For the C family of bindings (HLCPP, LLCPP), decode can have a more specific
meaning of taking bytes matching the layout of the FIDL wire format and patching
pointers and handles by replacing `FIDL_ALLOC_PRESENT`/`FIDL_ALLOC_ABSENT` or
`FIDL_HANDLE_PRESENT`/`FIDL_HANDLE_ABSENT` with the "real" pointer/handle
values in-place, moving handles out of an out-of-band handle table.
## Validate {#validate}
Validation is the process of checking if constraints from the FIDL definition
are satisfied for a given value. Validation occurs both when encoding a value
before being sent, or when decoding a value after receiving it.

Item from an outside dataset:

(* Let $W$ be a weighing matrix of order $n$ and weight $k$ with columns $w_1,\dots,w_n$, let $C_i=w_iw_i^T$, and let $L_1,\dots,L_f$ be mutually suitable Latin squares of side $n$ with $L_m=(l_m(i,j))$. Let $\widetilde W_m=(C_{l_m(i,j)})_{i,j=1}^n$ for $m=1,\dots,f$. Define the $n^2\times n^2$ block matrix $W'$ whose $(i,j)$ block is $w_jw_i^T$. Then $W'$ is a weighing matrix of order $n^2$ and weight $k^2$, and $W',\widetilde W_1,\dots,\widetilde W_f$ form a set of $f+1$ mutually unbiased weighing matrices of order $n^2$ and weight $k^2$.
   Context: A weighing matrix of order $n$ and weight $k$ is an $n\times n$ matrix with entries in $\{1,-1,0\}$ such that $WW^T=kI_n$. Two weighing matrices $W_1,W_2$ of order $N$ and weight $K$ are unbiased if $\frac{1}{\sqrt{K}}W_1W_2^T$ is a weighing matrix of order $N$ and weight $K$; mutually unbiased means pairwise unbiased. Two Latin squares $L_1,L_2$ of side $n$ (symbols $\{1,\dots,n\}$) are suitable if for every row $a$ of $L_1$ and row $b$ of $L_2$ there is exactly one column $c$ with $L_1(a,c)=L_2(b,c)$; mutually suitable means pairwise suitable. *)

theory Defs
  imports Complex_Main
begin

Example
constraints are vector bounds, handle constraints, and the valid encoding of a
string as UTF-8.
## Result/error type {#result}
For methods with error types specified:
```fidl
DoWork() -> (Data result) error uint32
```
The **result type** refers to the entire message that would be received by a
server for this method, i.e. the union that consists of either a result of
`Data` or an error of `uint32`. The error type in this case is `uint32`, whereas
`Data` can be referred to as either the response type or the success type.